A few years later I was in Providence, RI when a group of guys bumbled a bank robbery and scattered into the neighborhood. One of them ran up behind a house and managed to take a pursuing cop as a hostage. My cameraman and I stood in the middle of the street as the robber and the cop moved down the driveway in tight unison. Great pictures. The robber used the cop as a shield to climb into the open door of an unmarked police cruiser with the intention of driving away. Not in Providence. A shotgun was fired as a distraction and a big detective moved in blasting with a handgun. The gunman turned and fired out the back window, blowing glass at us, but in a split second he was dead.

I've been in gunfire during a shootout in Mexico, at a roadblock in Kuwait City and in the middle of the Los Angeles riots.

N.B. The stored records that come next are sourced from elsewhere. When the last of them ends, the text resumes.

(* Assume Case 3 holds. Let $(C,D)=(n_2,m_2)$ and for $n\ge1$ put $$(C_n,D_n)=(\gamma_n-(\gamma-C)d^{n-1},\ Dd^{n-1}),\qquad (C_n^*,D_n^* )=\big((\delta^{n-1}+\delta^{n-2}D+\cdots+\delta D^{n-2}+D^{n-1})C,\ D^n\big).$$ (i) If $\delta>T_1$, then for every $n\ge1$, $(C_n,D_n)$ is the vertex of $N(Q^n)$ immediately following $(\gamma_n,d^n)$ (in order of increasing $x$-coordinate), the segment joining them has slope $-l_2^{-1}$, and $\delta^n$ is strictly bigger than the $y$-intercept of the line through $(\gamma_n,d^n)$ and $(C_n,D_n)$. (ii) If $\delta=T_1$ and $m_2>0$, then for every $n\ge1$, $(C_n^*,D_n^* )$ is the vertex of $N(Q^n)$ immediately following $(\gamma_n,d^n)$, the segment joining them has slope $-l_2^{-1}$, and $\delta^n$ equals the $y$-intercept of the line through $(\gamma_n,d^n)$ and $(C_n^*,D_n^* )$.
   Context: Let $f(z,w)=(p(z),q(z,w))$ be a holomorphic skew product germ at the origin of $\mathbb{C}^2$ with $f(0,0)=(0,0)$, where $p(z)=a_\delta z^\delta+O(z^{\delta+1})$ with $a_\delta\neq0$ and integer $\delta\ge1$, and $q(z,w)=\sum_{i+j\ge1}b_{ij}z^iw^j$ is not identically zero. For $n\ge1$ write $f^n=(p^n,Q^n)$. The Newton polygon $N(g)$ of a nonzero germ $g=\sum g_{ij}z^iw^j$ is the convex hull of $\bigcup_{g_{ij}\neq0}\{(x,y):x\ge i,\ y\ge j\}$. Let $(n_1,m_1),\dots,(n_s,m_s)$ be the vertices of $N(q)$ with $n_1<\cdots<n_s$, $m_1>\cdots>m_s$; for $1\le k\le s-1$ let $T_k$ be the $y$-intercept of the line through $(n_k,m_k)$ and $(n_{k+1},m_{k+1})$. Case 3 means: $s>1$ and $T_1\le\delta$; set $(\gamma,d)=(n_1,m_1)$ and $l_2=\frac{n_2-n_1}{m_1-m_2}$. Define $\gamma_n=\gamma(\delta^{n-1}+\delta^{n-2}d+\cdots+d^{n-1})$. *)

theory Defs
  imports "HOL-Analysis.Analysis"
begin

definition has_expansion2 :: "(complex \<Rightarrow> complex \<Rightarrow> complex) \<Rightarrow> (nat \<Rightarrow> nat \<Rightarrow> complex) \<Rightarrow> bool" where
  "has_expansion2 g c \<longleftrightarrow> (\<exists>r>0. \<forall>z w. norm z < r \<and> norm w < r \<longrightarrow>
      ((\<lambda>(i,j). c i j * z ^ i * w ^ j) has_sum g z w) UNIV)"

definition has_expansion1 :: "(complex \<Rightarrow> complex) \<Rightarrow> (nat \<Rightarrow> complex) \<Rightarrow> bool" where
  "has_expansion1 g a \<longleftrightarrow> (\<exists>r>0. \<forall>z. norm z < r \<longrightarrow> (\<lambda>i. a i * z ^ i) sums g z)"

definition coeffs2 :: "(complex \<Rightarrow> complex \<Rightarrow> complex) \<Rightarrow> nat \<Rightarrow> nat \<Rightarrow> complex" where
  "coeffs2 g = (THE c. has_expansion2 g c)"

text \<open>Second component of the iterate f^n = (p^n, Q^n) of the skew product f = (p,q).\<close>
fun Qit :: "(complex \<Rightarrow> complex) \<Rightarrow> (complex \<Rightarrow> complex \<Rightarrow> complex) \<Rightarrow> nat \<Rightarrow> complex \<Rightarrow> complex \<Rightarrow> complex" where
  "Qit p q 0 = (\<lambda>z w. w)"
| "Qit p q (Suc n) = (\<lambda>z w. q ((p ^^ n) z) (Qit p q n z w))"

definition newton_polygon :: "(nat \<Rightarrow> nat \<Rightarrow> complex) \<Rightarrow> (real \<times> real) set" where
  "newton_polygon c = convex hull (\<Union>{ {(x,y). x \<ge> real i \<and> y \<ge> real j} | i j. c i j \<noteq> 0})"

definition is_vertex :: "(nat \<Rightarrow> nat \<Rightarrow> complex) \<Rightarrow> real \<times> real \<Rightarrow> bool" where
  "is_vertex c P \<longleftrightarrow> P extreme_point_of newton_polygon c"

definition next_vertex :: "(nat \<Rightarrow> nat \<Rightarrow> complex) \<Rightarrow> real \<times> real \<Rightarrow> real \<times> real \<Rightarrow> bool" where
  "next_vertex c P Q \<longleftrightarrow> is_vertex c P \<and> is_vertex c Q \<and> fst P < fst Q \<and>
      (\<forall>R. is_vertex c R \<and> fst P < fst R \<longrightarrow> fst Q \<le> fst R)"

definition slope :: "real \<times> real \<Rightarrow> real \<times> real \<Rightarrow> real" where
  "slope P Q = (snd Q - snd P) / (fst Q - fst P)"

definition yint :: "real \<times> real \<Rightarrow> real \<times> real \<Rightarrow> real" where
  "yint P Q = snd P - fst P * slope P Q"

end

(*
  Instead of the whole Newton polygon of Q^n we follow only its face with inner normal
  (wa,wb) = (m1 - m2, n2 - n1), the normal of the first edge of N(q).  The first coordinate
  p^n(z) has the single lowest term z^(delta^n), of weight wa delta^n, and
  Q^(n+1)(z,w) = q(p^n(z), Q^n(z,w)).  Substituting, the term b_ij z^i w^j of q contributes a
  series whose face has weight i wa delta^n + j L_n, where L_n is the weight of the face of
  N(Q^n).  If delta > T_1 then L_n < wb delta^n and only the first vertex (n1,m1) attains the
  minimal weight, so the face of N(Q^(n+1)) is the image of that of N(Q^n) under
  (x,y) -> (n1 delta^n + m1 x, m1 y); if delta = T_1 every term of q on its first edge attains it,
  and the new face runs from the image of (n1,m1) to that of (n2,m2).  Since wa, wb > 0, the
  endpoints of such a face are consecutive vertices of the Newton polygon, joined by a segment of
  slope -wa/wb = -1/l_2.  Coefficients of compositions are computed with absolutely convergent
  double series, and coeffs2 is determined by the uniqueness of expansions.
*)
theory Submission
  imports Defs
begin

section \<open>Absolutely convergent double power series\<close>

definition series_term :: "(nat \<Rightarrow> nat \<Rightarrow> 'a::real_normed_field) \<Rightarrow> 'a \<Rightarrow> 'a \<Rightarrow> nat \<times> nat \<Rightarrow> 'a" where
  "series_term c z w = (\<lambda>(i,j). c i j * z ^ i * w ^ j)"

definition coeff_prod :: "(nat \<Rightarrow> nat \<Rightarrow> 'a::comm_semiring_1) \<Rightarrow> (nat \<Rightarrow> nat \<Rightarrow> 'a) \<Rightarrow> nat \<Rightarrow> nat \<Rightarrow> 'a" where
  "coeff_prod c e k l = (\<Sum>(i,j)\<in>{..k}\<times>{..l}. c i j * e (k-i) (l-j))"

definition coeff_norm :: "(nat \<Rightarrow> nat \<Rightarrow> complex) \<Rightarrow> nat \<Rightarrow> nat \<Rightarrow> real" where
  "coeff_norm c = (\<lambda>i j. norm (c i j))"

definition abs_convergent2 :: "(nat \<Rightarrow> nat \<Rightarrow> complex) \<Rightarrow> real \<Rightarrow> bool" where
  "abs_convergent2 c \<rho> \<longleftrightarrow> series_term (coeff_norm c) \<rho> \<rho> summable_on UNIV"

definition norm_series :: "(nat \<Rightarrow> nat \<Rightarrow> complex) \<Rightarrow> real \<Rightarrow> real" where
  "norm_series c \<rho> = infsum (series_term (coeff_norm c) \<rho> \<rho>) UNIV"

definition eval_series :: "(nat \<Rightarrow> nat \<Rightarrow> complex) \<Rightarrow> complex \<Rightarrow> complex \<Rightarrow> complex" where
  "eval_series c z w = infsum (series_term c z w) UNIV"

lemma
  fixes x :: "'b \<Rightarrow> 'a::{real_normed_field,banach}" and y :: "'c \<Rightarrow> 'a"
  assumes x: "x abs_summable_on A" and y: "y abs_summable_on B"
  shows abs_summable_on_product_mult: "(\<lambda>(a,b). x a * y b) abs_summable_on A \<times> B"
    and infsum_product_mult: "infsum (\<lambda>(a,b). x a * y b) (A \<times> B) = infsum x A * infsum y B"
proof -
  have "(\<lambda>(a,b). norm (x a * y b)) summable_on A \<times> B"
  proof (rule summable_on_SigmaI[where g="\<lambda>a. norm (x a) * infsum (\<lambda>b. norm (y b)) B"])
    fix a assume "a \<in> A"
    show "((\<lambda>b. case (a, b) of (a, b) \<Rightarrow> norm (x a * y b)) has_sum norm (x a) * infsum (\<lambda>b. norm (y b)) B) B"
      using has_sum_cmult_right[OF has_sum_infsum[OF y], of "norm (x a)"] by (simp add: norm_mult)
  next
    show "(\<lambda>a. norm (x a) * infsum (\<lambda>b. norm (y b)) B) summable_on A"
      using summable_on_cmult_left[OF x] by blast
  qed auto
  then show abs: "(\<lambda>(a,b). x a * y b) abs_summable_on A \<times> B"
    by (simp add: case_prod_unfold)
  have "infsum (\<lambda>(a,b). x a * y b) (A \<times> B) = infsum (\<lambda>a. infsum (\<lambda>b. x a * y b) B) A"
    using infsum_Sigma_banach[OF abs_summable_summable[OF abs]] by simp
  also have "\<dots> = infsum x A * infsum y B"
    by (simp add: infsum_cmult_right' infsum_cmult_left')
  finally show "infsum (\<lambda>(a,b). x a * y b) (A \<times> B) = infsum x A * infsum y B" .
qed

lemma series_term_coeff_prod_eq_sum:
  "series_term (coeff_prod c e) z w (k,l)
    = (\<Sum>(i,j)\<in>{..k}\<times>{..l}. series_term c z w (i,j) * series_term e z w (k-i,l-j))"
proof -
  have "series_term c z w (i,j) * series_term e z w (k-i,l-j) = c i j * e (k-i) (l-j) * z^k * w^l"
    if "(i,j) \<in> {..k}\<times>{..l}" for i j
  proof -
    have "z^k = z^i * z^(k-i)" "w^l = w^j * w^(l-j)"
      using that by (simp_all add: power_add[symmetric])
    then show ?thesis by (simp add: series_term_def algebra_simps)
  qed
  then have "(\<Sum>(i,j)\<in>{..k}\<times>{..l}. series_term c z w (i,j) * series_term e z w (k-i,l-j))
      = (\<Sum>(i,j)\<in>{..k}\<times>{..l}. c i j * e (k-i) (l-j) * z^k * w^l)"
    by (intro sum.cong) auto
  also have "\<dots> = series_term (coeff_prod c e) z w (k,l)"
    by (simp add: series_term_def coeff_prod_def sum_distrib_right case_prod_unfold)
  finally show ?thesis ..
qed

lemma
  fixes c e :: "nat \<Rightarrow> nat \<Rightarrow> 'a::{real_normed_field,banach}"
  assumes c: "(\<lambda>p. norm (series_term c z w p)) summable_on UNIV"
    and e: "(\<lambda>p. norm (series_term e z w p)) summable_on UNIV"
  shows summable_series_term_coeff_prod: "series_term (coeff_prod c e) z w summable_on UNIV"
    and infsum_series_term_coeff_prod:
      "infsum (series_term (coeff_prod c e) z w) UNIV
         = infsum (series_term c z w) UNIV * infsum (series_term e z w) UNIV"
proof -
  define F where "F = (\<lambda>(a,b). series_term c z w a * series_term e z w b)"
  define box where "box = (\<lambda>(k::nat,l::nat). {..k}\<times>{..l})"
  define split where "split = (\<lambda>((k::nat,l::nat),(i::nat,j::nat)). ((i,j),(k-i,l-j)))"
  have split_bij: "bij_betw split (Sigma UNIV box) UNIV"
    by (rule bij_betwI[where g="\<lambda>((i,j),(a,b)). ((i+a,j+b),(i,j))"])
       (auto simp: box_def split_def)
  have F_sum: "F summable_on UNIV"
    using abs_summable_summable[OF abs_summable_on_product_mult[OF c e]] by (simp add: F_def)
  have G: "(\<lambda>x. F (split x)) summable_on Sigma UNIV box"
    using summable_on_reindex_bij_betw[OF split_bij] F_sum by blast
  have fiber: "infsum (\<lambda>y. F (split (x,y))) (box x) = series_term (coeff_prod c e) z w x" for x
    by (cases x) (auto simp: box_def F_def split_def series_term_coeff_prod_eq_sum intro!: sum.cong)
  have "(\<lambda>x. infsum (\<lambda>y. F (split (x,y))) (box x)) summable_on UNIV"
    by (rule summable_on_SigmaD[OF G]) (auto intro: summable_on_finite simp: box_def split: prod.splits)
  then show "series_term (coeff_prod c e) z w summable_on UNIV"
    by (simp add: fiber)
  have "infsum (series_term (coeff_prod c e) z w) UNIV = infsum (\<lambda>x. F (split x)) (Sigma UNIV box)"
    using infsum_Sigma_banach[OF G] by (simp add: fiber)
  also have "\<dots> = infsum F UNIV"
    using infsum_reindex_bij_betw[OF split_bij] by blast
  also have "\<dots> = infsum (series_term c z w) UNIV * infsum (series_term e z w) UNIV"
    using infsum_product_mult[OF c e] by (simp add: F_def)
  finally show "infsum (series_term (coeff_prod c e) z w) UNIV
      = infsum (series_term c z w) UNIV * infsum (series_term e z w) UNIV" .
qed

Living in Los Angeles, my wife and I have had gunfire outside two homes we've lived in.

The thing that's always struck me is that the shooting starts without warning and ends with even less. I never ducked, dropped to the street or hit the floor in my own home. You have no time to react. Gunshots, boom, somebody dead, over.

The notion that an amateur armed with a gun could pull it out and save the day is just silly. The shooting in most cases would be over before the supposed good guy could react and he'd be lucky not to drop his own weapon in fear. An armed guard at a school, as the NRA suggests, would merely be the first to die because he won't see it coming or get to his gun on time.

For a while I worked as a newspaper reporter covering the courts in Rochester. They had these big guys known as escort deputies who moved the more dangerous defendants from their cells to the courtroom and back. I saw them with hands on mobsters, street thugs and vicious drug-deal murderers.The deputies used to put the handcuffs on the defendants and walk them with one hand gripping the cuffs. The idea was that if the guy tried anything the deputy clamped down his hand and the cuffs tightened in a painful pinch that pretty well disabled the bad guy. I never saw one of them misbehave.

The interesting thing was that the deputies did not carry guns. I asked one of them why, and he just said, "Oh, you don't want to have guns around, they're dangerous."